Unlike the paired t-test, which assumes differences follow a normal distribution, the Wilcoxon test works with ranks. It asks: are positive differences systematically larger (or smaller) than negative differences? This makes it robust to outliers and appropriate for ordinal data.

Here’s when to reach for scipy.stats.wilcoxon:

Your paired differences aren’t normally distributed (check with Shapiro-Wilk)
You have ordinal data (ratings, rankings, Likert scales)
Outliers exist and you can’t justify removing them
Sample sizes are small and normality is hard to verify

The trade-off? You lose some statistical power compared to the t-test when data actually is normal. In practice, this power loss is often minimal—around 5%—making the Wilcoxon test a safe default for paired comparisons.

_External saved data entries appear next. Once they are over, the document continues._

lemma gen_sim_approx:
  fixes \<mu> :: "'o::wellorder"
  assumes dense: "closure (range e) = UNIV"
    and "length A' = length A" "length B = length A" "length B' = length A"
      "length w = length A" "length w' = length A"
    and "\<And>i. i < length A \<Longrightarrow> dist (A ! i) (A' ! i) + dist (B ! i) (B' ! i) \<le> w' ! i - w ! i"
    and "\<And>j. 0 \<le> g j" "\<And>j. g j < f j" "gen_sim (\<le>) e id A B w g \<mu>"
  shows "gen_sim (<) e e A' B' w' f \<mu>"
  using assms(2-)
proof (induction \<mu> arbitrary: A B A' B' w w' g f rule: less_induct)
  case (less \<mu>)
  note lengths = less.prems(1-5) and close = less.prems(6)
  have diag_g: "0 \<le> g 0 + g 0" and diag_f: "0 < f 0 + f 0"
    using less.prems(7,8)[of 0] by linarith+
  have lengths': "length B' = length A'" "length w' = length A'"
    using lengths by simp_all
  show ?case
  proof (rule gen_simI[where r = "(<)" and f = f, OF lengths' diag_f])
    fix \<beta> x assume "\<beta> < \<mu>"
    obtain z where z_ok: "answer_ok (\<le>) A B w (g 0) (e x) z"
      and z_sim: "gen_sim (\<le>) e id (B @ [z]) (A @ [e x]) (w @ [g 0]) (\<lambda>j. g (Suc j)) \<beta>"
      using gen_sim_next[where r = "(\<le>)" and f = g, OF lengths(2,4) diag_g less.prems(9) \<open>\<beta> < \<mu>\<close>]
      by (metis id_apply)
    obtain y where y: "dist z (e y) < f 0 - g 0"
      using closure_approachableD[of z "range e" "f 0 - g 0"] dense less.prems(8)[of 0] by auto
    have "answer_ok (<) A' B' w' (f 0) (e x) (e y)"
      unfolding answer_ok_def
    proof (intro allI impI)
      fix i assume "i < length A'"
      then have "\<bar>dist (A ! i) (e x) - dist (B ! i) z\<bar> \<le> w ! i + g 0"
        and "dist (A ! i) (A' ! i) + dist (B ! i) (B' ! i) \<le> w' ! i - w ! i"
        using z_ok close lengths by (auto simp: answer_ok_def)
      with y abs_dist_diff_perturb[of "A' ! i" "e x" "B' ! i" "e y" "A ! i" "B ! i" z]
      show "\<bar>dist (A' ! i) (e x) - dist (B' ! i) (e y)\<bar> < w' ! i + f 0"
        by linarith
    qed
    moreover have "gen_sim (<) e e (B' @ [e y]) (A' @ [e x]) (w' @ [f 0]) (\<lambda>j. f (Suc j)) \<beta>"
    proof (rule less.IH[OF \<open>\<beta> < \<mu>\<close> _ _ _ _ _ _ _ _ z_sim])
      show "dist ((B @ [z]) ! i) ((B' @ [e y]) ! i) + dist ((A @ [e x]) ! i) ((A' @ [e x]) ! i)
          \<le> (w' @ [f 0]) ! i - (w @ [g 0]) ! i" if "i < length (B @ [z])" for i
      proof (cases "i < length A")
        case True
        with close[of i] lengths show ?thesis by (simp add: nth_append add.commute)
      next
        case False
        with that lengths y show ?thesis by (simp add: nth_append)
      qed
    qed (use lengths less.prems(7,8) in auto)
    ultimately show "\<exists>y. answer_ok (<) A' B' w' (f 0) (e x) (e y) \<and>
        gen_sim (<) e e (B' @ [e y]) (A' @ [e x]) (w' @ [f 0]) (\<lambda>j. f (Suc j)) \<beta>"
      by blast
  qed
qed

Function Syntax and Parameters

The scipy.stats.wilcoxon function packs considerable flexibility into its interface:

from scipy.stats import wilcoxon

result = wilcoxon(
    x,                    # First sample or differences
    y=None,               # Second sample (optional)
    zero_method='wilcox', # How to handle zero differences
    correction=False,     # Continuity correction for normal approx
    alternative='two-sided',  # 'two-sided', 'greater', or 'less'
    mode='auto',          # 'auto', 'exact', or 'approx'
    method=None,          # Deprecated, use mode instead
)

Key parameters explained:

x and y: Pass either the differences directly in x, or two paired samples in x and y. The function computes x - y internally.
alternative: Controls the hypothesis direction. Use 'greater' to test if the median difference is positive, 'less' for negative.
zero_method: Critical for handling ties at zero. Options are 'wilcox' (discard zeros), 'pratt' (include zeros in ranking), and 'zsplit' (split zero ranks between positive and negative).
mode: Determines p-value calculation. 'exact' computes the exact distribution (slow for large n), 'approx' uses normal approximation.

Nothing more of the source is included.